**RECORD EXCERPTS:**
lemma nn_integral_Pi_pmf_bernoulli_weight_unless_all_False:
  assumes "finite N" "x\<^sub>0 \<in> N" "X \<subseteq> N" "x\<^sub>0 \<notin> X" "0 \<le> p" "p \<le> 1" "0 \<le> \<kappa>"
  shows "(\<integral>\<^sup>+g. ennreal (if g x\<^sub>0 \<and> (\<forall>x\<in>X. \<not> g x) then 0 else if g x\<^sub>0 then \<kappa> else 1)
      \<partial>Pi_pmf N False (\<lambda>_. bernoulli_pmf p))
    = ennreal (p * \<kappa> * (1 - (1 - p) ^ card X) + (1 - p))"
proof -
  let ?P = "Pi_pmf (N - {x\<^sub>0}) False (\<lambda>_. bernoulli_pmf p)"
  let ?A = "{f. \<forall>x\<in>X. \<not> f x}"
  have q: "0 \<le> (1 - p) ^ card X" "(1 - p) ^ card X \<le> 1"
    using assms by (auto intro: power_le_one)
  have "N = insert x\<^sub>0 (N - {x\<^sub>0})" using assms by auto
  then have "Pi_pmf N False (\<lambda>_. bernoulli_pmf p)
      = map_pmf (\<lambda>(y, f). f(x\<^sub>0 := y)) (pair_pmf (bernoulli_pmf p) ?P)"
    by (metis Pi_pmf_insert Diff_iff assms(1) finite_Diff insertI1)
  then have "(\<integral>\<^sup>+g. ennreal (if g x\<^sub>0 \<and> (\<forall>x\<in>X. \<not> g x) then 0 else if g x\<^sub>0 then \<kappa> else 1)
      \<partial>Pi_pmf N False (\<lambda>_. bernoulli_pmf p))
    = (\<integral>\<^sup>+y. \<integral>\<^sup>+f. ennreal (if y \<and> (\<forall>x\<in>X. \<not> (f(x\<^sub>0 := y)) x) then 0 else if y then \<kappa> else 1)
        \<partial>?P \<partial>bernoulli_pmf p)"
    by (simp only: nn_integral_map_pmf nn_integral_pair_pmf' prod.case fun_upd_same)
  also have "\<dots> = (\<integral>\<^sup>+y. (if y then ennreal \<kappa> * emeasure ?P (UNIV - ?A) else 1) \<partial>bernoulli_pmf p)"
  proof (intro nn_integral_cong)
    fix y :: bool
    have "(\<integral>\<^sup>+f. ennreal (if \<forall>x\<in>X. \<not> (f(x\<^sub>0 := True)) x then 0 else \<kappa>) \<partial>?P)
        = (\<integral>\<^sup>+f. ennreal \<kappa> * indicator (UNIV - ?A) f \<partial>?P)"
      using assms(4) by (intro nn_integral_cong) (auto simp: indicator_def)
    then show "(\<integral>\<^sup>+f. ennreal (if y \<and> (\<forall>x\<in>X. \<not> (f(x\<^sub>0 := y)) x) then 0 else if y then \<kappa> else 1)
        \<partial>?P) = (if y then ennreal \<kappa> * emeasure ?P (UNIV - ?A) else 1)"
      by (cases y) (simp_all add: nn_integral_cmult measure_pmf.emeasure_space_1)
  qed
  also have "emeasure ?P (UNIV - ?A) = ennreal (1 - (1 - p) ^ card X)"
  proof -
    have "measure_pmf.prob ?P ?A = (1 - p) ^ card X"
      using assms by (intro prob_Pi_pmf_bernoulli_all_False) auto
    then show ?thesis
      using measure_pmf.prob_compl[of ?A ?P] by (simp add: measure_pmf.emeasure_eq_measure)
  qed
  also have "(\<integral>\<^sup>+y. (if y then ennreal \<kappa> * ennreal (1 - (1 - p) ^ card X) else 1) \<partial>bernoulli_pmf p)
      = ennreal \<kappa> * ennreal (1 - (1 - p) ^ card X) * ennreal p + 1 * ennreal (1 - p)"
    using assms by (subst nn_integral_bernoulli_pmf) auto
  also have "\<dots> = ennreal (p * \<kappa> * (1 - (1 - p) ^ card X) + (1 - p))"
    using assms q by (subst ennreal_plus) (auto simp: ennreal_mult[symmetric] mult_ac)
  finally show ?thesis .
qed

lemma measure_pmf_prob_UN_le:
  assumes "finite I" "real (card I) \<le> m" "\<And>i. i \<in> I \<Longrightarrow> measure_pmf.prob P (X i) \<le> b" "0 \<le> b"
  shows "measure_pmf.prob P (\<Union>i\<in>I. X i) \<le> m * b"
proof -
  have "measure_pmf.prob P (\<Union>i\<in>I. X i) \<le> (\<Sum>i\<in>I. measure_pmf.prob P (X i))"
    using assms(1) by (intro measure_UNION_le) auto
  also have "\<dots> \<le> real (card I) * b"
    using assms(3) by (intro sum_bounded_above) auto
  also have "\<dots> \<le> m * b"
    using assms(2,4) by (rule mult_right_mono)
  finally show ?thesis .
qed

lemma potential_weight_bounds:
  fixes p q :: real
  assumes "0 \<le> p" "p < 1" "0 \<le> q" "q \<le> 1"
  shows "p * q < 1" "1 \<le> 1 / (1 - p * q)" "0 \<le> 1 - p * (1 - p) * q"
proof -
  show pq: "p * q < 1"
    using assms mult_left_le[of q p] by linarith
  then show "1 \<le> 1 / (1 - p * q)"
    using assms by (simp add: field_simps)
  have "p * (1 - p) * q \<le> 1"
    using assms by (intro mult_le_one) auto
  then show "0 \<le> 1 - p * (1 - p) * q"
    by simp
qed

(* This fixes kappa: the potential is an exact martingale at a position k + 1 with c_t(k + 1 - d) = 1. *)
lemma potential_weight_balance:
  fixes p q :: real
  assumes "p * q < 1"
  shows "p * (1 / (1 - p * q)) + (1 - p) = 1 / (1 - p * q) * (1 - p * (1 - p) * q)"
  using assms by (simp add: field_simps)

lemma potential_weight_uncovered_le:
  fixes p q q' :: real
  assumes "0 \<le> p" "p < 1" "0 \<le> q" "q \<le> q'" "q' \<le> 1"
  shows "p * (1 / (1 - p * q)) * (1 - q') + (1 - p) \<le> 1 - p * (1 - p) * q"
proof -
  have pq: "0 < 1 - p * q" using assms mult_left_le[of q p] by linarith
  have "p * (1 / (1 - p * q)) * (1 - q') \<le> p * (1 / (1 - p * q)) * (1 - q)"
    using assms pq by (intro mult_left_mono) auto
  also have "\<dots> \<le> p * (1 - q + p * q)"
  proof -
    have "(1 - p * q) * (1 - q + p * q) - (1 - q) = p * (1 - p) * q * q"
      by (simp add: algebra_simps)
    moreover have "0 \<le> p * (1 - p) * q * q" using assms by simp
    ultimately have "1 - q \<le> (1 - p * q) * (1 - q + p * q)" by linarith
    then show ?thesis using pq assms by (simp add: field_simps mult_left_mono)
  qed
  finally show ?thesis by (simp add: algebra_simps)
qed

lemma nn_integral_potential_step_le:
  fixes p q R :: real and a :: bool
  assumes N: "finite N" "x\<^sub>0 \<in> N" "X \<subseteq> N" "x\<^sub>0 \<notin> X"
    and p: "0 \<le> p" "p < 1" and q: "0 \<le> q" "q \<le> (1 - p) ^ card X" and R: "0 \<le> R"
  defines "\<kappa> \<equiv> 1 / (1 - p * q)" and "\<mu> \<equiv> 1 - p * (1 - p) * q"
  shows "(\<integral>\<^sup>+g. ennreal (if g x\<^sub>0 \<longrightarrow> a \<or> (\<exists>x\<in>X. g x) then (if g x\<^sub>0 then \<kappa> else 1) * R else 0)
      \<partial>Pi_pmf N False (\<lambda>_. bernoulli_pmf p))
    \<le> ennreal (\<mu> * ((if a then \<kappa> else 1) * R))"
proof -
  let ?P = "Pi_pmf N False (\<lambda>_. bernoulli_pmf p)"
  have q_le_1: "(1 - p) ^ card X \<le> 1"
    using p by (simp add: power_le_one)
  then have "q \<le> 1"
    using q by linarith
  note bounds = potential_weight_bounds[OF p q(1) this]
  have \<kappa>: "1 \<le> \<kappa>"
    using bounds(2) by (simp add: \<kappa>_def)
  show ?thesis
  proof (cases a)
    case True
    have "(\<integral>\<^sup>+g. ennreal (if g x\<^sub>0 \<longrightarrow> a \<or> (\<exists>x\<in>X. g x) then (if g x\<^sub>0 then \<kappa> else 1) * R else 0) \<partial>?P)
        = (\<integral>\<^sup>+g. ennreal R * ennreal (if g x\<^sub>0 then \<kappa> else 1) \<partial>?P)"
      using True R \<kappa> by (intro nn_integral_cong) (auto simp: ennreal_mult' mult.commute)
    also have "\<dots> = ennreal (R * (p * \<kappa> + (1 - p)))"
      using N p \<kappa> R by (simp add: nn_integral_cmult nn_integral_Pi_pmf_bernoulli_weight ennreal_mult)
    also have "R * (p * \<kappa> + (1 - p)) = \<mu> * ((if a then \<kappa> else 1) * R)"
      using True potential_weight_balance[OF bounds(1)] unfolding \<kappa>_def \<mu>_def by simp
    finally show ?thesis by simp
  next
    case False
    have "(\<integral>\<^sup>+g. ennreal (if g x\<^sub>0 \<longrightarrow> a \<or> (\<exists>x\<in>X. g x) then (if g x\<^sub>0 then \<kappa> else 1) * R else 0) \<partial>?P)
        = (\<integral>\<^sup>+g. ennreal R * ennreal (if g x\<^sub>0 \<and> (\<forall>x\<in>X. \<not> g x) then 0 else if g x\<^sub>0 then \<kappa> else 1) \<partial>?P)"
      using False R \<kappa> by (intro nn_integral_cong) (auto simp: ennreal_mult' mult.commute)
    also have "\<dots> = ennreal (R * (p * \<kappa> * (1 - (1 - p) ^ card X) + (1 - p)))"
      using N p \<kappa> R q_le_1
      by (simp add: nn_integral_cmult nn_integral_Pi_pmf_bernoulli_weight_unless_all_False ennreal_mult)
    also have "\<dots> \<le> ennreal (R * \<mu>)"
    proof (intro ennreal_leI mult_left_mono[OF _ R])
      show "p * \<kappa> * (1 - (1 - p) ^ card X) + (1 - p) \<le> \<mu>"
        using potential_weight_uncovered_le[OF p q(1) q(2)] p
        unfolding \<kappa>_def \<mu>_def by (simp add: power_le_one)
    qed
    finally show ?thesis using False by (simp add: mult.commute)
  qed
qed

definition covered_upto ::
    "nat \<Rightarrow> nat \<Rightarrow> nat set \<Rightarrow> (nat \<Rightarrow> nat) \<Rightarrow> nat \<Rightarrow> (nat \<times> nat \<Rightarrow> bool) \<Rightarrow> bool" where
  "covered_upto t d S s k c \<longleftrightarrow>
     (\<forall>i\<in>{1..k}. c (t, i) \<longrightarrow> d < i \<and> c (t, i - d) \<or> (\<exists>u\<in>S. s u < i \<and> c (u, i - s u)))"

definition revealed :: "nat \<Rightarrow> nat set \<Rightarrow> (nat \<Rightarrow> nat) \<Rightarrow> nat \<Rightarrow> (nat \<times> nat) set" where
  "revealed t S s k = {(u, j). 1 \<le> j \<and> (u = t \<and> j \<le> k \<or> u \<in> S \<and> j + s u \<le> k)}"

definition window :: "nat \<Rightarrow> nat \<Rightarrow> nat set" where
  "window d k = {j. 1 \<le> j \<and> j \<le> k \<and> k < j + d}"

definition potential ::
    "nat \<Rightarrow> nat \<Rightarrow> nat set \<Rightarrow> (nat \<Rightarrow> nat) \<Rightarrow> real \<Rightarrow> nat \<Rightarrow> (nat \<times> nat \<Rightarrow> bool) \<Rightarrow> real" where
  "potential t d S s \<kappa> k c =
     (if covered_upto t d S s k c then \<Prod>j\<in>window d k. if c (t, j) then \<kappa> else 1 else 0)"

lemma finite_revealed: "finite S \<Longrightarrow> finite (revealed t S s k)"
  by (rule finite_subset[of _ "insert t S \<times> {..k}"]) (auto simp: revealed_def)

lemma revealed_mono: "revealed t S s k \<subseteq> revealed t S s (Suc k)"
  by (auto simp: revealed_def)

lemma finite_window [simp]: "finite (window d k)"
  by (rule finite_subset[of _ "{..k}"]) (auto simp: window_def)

**YOUR INSTRUCTIONS:** Could you restate, word for word, the lines above from the one with "using assms(4) by" to the one with "using assms(3) by", both included?

**COMPLETED TASK:**
      using assms(4) by (intro nn_integral_cong) (auto simp: indicator_def)
    then show "(\<integral>\<^sup>+f. ennreal (if y \<and> (\<forall>x\<in>X. \<not> (f(x\<^sub>0 := y)) x) then 0 else if y then \<kappa> else 1)
        \<partial>?P) = (if y then ennreal \<kappa> * emeasure ?P (UNIV - ?A) else 1)"
      by (cases y) (simp_all add: nn_integral_cmult measure_pmf.emeasure_space_1)
  qed
  also have "emeasure ?P (UNIV - ?A) = ennreal (1 - (1 - p) ^ card X)"
  proof -
    have "measure_pmf.prob ?P ?A = (1 - p) ^ card X"
      using assms by (intro prob_Pi_pmf_bernoulli_all_False) auto
    then show ?thesis
      using measure_pmf.prob_compl[of ?A ?P] by (simp add: measure_pmf.emeasure_eq_measure)
  qed
  also have "(\<integral>\<^sup>+y. (if y then ennreal \<kappa> * ennreal (1 - (1 - p) ^ card X) else 1) \<partial>bernoulli_pmf p)
      = ennreal \<kappa> * ennreal (1 - (1 - p) ^ card X) * ennreal p + 1 * ennreal (1 - p)"
    using assms by (subst nn_integral_bernoulli_pmf) auto
  also have "\<dots> = ennreal (p * \<kappa> * (1 - (1 - p) ^ card X) + (1 - p))"
    using assms q by (subst ennreal_plus) (auto simp: ennreal_mult[symmetric] mult_ac)
  finally show ?thesis .
qed

lemma measure_pmf_prob_UN_le:
  assumes "finite I" "real (card I) \<le> m" "\<And>i. i \<in> I \<Longrightarrow> measure_pmf.prob P (X i) \<le> b" "0 \<le> b"
  shows "measure_pmf.prob P (\<Union>i\<in>I. X i) \<le> m * b"
proof -
  have "measure_pmf.prob P (\<Union>i\<in>I. X i) \<le> (\<Sum>i\<in>I. measure_pmf.prob P (X i))"
    using assms(1) by (intro measure_UNION_le) auto
  also have "\<dots> \<le> real (card I) * b"
    using assms(3) by (intro sum_bounded_above) auto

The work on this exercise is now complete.